Function names are not modified by this patch. They will be dealt with in
a subsequent patch.
Paul Durrant [Tue, 8 Jan 2019 14:48:56 +0000 (14:48 +0000)]
xen: remove 'XenBlkDev' and 'blkdev' names from dataplane/xen-block
This is a purely cosmetic patch that substitutes the old 'struct XenBlkDev'
name with 'XenBlockDataPlane' and 'blkdev' field/variable names with
'dataplane', and then does necessary fix-up to adhere to coding style.
Paul Durrant [Tue, 8 Jan 2019 14:48:55 +0000 (14:48 +0000)]
xen: add header and build dataplane/xen-block.c
This patch adds the transformations necessary to get dataplane/xen-block.c
to build against the new XenBus/XenDevice framework. MAINTAINERS is also
updated due to the introduction of dataplane/xen-block.h.
NOTE: Existing data structure names are retained for the moment. These will
be modified by subsequent patches. A typedef for XenBlockDataPlane
has been added to the header (based on the old struct XenBlkDev name
for the moment) so that the old names don't need to leak out of the
dataplane code.
Paul Durrant [Tue, 8 Jan 2019 14:48:54 +0000 (14:48 +0000)]
xen: remove unnecessary code from dataplane/xen-block.c
Not all of the code duplicated from xen_disk.c is required as the basis for
the new dataplane implementation so this patch removes extraneous code,
along with the legacy #includes and calls to the legacy xen_pv_printf()
function. Error messages are changed to be reported using error_report().
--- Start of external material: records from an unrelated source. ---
lemma kless_finite_bound:
  assumes "finite V"
  shows "\<exists>b. \<forall>v\<in>V. kless r v b"
proof -
  have "|UNIV :: nat set| <o |UNIV :: 'k set|"
    using ordLess_ordIso_trans[OF uncountable card_of_unique[OF card]] .
  then have "\<not> finite (UNIV :: 'k set)"
    unfolding infinite_iff_card_of_nat by (rule ordLess_imp_ordLeq)
  then have unbounded: "\<exists>b. kless r a b" for a
    using infinite_Card_order_limit[of r a] card_order_on_Card_order[OF card] by (auto simp: kless_def)
  show ?thesis
  proof (cases "V = {}")
    case False
    then obtain m where "\<forall>v\<in>V. (v, m) \<in> r" using finite_has_kmax assms by blast
    then show ?thesis using unbounded[of m] le_kless_trans by blast
  qed simp
qed

lemma UNION_I0_below: "(\<Union>a. I0_below r a) = I0 r"
proof
  show "I0 r \<subseteq> (\<Union>a. I0_below r a)"
  proof
    fix f assume "f \<in> I0 r"
    then obtain b where "\<forall>v\<in>range (\<lambda>n. fst (f n)). kless r v b"
      using kless_finite_bound I0_finite_first_coords by blast
    then show "f \<in> (\<Union>a. I0_below r a)" using \<open>f \<in> I0 r\<close> by (auto simp: I0_below_def)
  qed
qed (auto simp: I0_below_def)

lemma card_of_I0_below:
  assumes omega_pow: "\<forall>A :: 'k set. |A| <o r \<longrightarrow> |Func (UNIV :: nat set) A| <o r"
  shows "|I0_below r \<alpha>| <o r"
proof -
  have Card: "Card_order r" and Field: "Field r = UNIV"
    using card_order_on_Card_order[OF card] by auto
  have "|underS r \<alpha>| <o r" using card_of_underS[OF Card] Field by simp
  then have "|underS r \<alpha> \<times> (UNIV :: rat set)| <o r"
    by (rule card_of_Times_countable_ordLess[OF Card uncountable]) simp
  then have "|Func (UNIV :: nat set) (underS r \<alpha> \<times> (UNIV :: rat set))| <o r"
    by (rule card_of_Func_nat_ordLess[OF card omega_pow])
  moreover have "I0_below r \<alpha> \<subseteq> Func UNIV (underS r \<alpha> \<times> UNIV)"
    by (auto simp: I0_below_def Func_def underS_def kless_def mem_Times_iff)
  ultimately show ?thesis using ordLeq_ordLess_trans[OF card_of_mono1] by blast
qed

lemma kappa_representation_I0_below:
  assumes "\<forall>A :: 'k set. |A| <o r \<longrightarrow> |Func (UNIV :: nat set) A| <o r"
  shows "kappa_representation r (I0 r) (I0_below r)"
  unfolding kappa_representation_def
  using card_of_I0_below[OF assms] I0_below_mono I0_below_limit UNION_I0_below
  by (auto simp: I0_below_def)

end

end

theorem mainTheorem8:
  fixes r :: "'k rel"
  assumes card: "card_order r"
    and regular: "regularCard r"
    and uncountable: "ordLess2 (card_of (UNIV :: nat set)) r"
    and kappa_lt_kappa: "\<forall>A :: 'k set. ordLess2 (card_of A) r \<longrightarrow> ordLeq2 (card_of (Func A (UNIV :: 'k set))) r"
    and omega_pow: "\<forall>A :: 'k set. ordLess2 (card_of A) r \<longrightarrow> ordLess2 (card_of (Func (UNIV :: nat set) A)) r"
  shows "\<exists>S. kappa_representation r (I0 r) S \<and>
     (\<forall>d \<nu>. klimit r d \<and> \<nu> \<in> I0 r \<longrightarrow>
        (\<exists>b. kless r b d \<and>
           (\<forall>\<sigma>\<in>S d. I0_less r \<nu> \<sigma> \<longrightarrow>
              (\<exists>\<sigma>'\<in>S b. I0_le r \<sigma>' \<sigma> \<and> I0_le r \<nu> \<sigma>'))))"
proof (rule exI[of _ "I0_below r"], intro conjI allI impI)
  show "kappa_representation r (I0 r) (I0_below r)"
    using kappa_representation_I0_below[OF card uncountable omega_pow] .
  fix d \<nu> assume "klimit r d \<and> \<nu> \<in> I0 r"
  then show "\<exists>b. kless r b d \<and> (\<forall>\<sigma>\<in>I0_below r d. I0_less r \<nu> \<sigma> \<longrightarrow>
      (\<exists>\<sigma>'\<in>I0_below r b. I0_le r \<sigma>' \<sigma> \<and> I0_le r \<nu> \<sigma>'))"
    using I0_below_limit_interpolation[OF card] unfolding I0_le_def by blast
qed

end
NOTE: The code is still not yet built. Further transformations will be
required to make it correctly interface to the new XenBus/XenDevice
framework. They will be delivered in a subsequent patch.
Paul Durrant [Tue, 8 Jan 2019 14:48:53 +0000 (14:48 +0000)]
xen: duplicate xen_disk.c as basis of dataplane/xen-block.c
The new xen-block XenDevice implementation requires the same core
dataplane as the legacy xen_disk implementation it will eventually replace.
This patch therefore copies the legacy xen_disk.c source module into a new
dataplane/xen-block.c source module as the basis for the new dataplane and
adjusts the MAINTAINERS file accordingly.
NOTE: The duplicated code is not yet built. It is simply put into place by
this patch (just fixing style violations) such that the
modifications that will need to be made to the code are not
conflated with code movement, thus making review harder.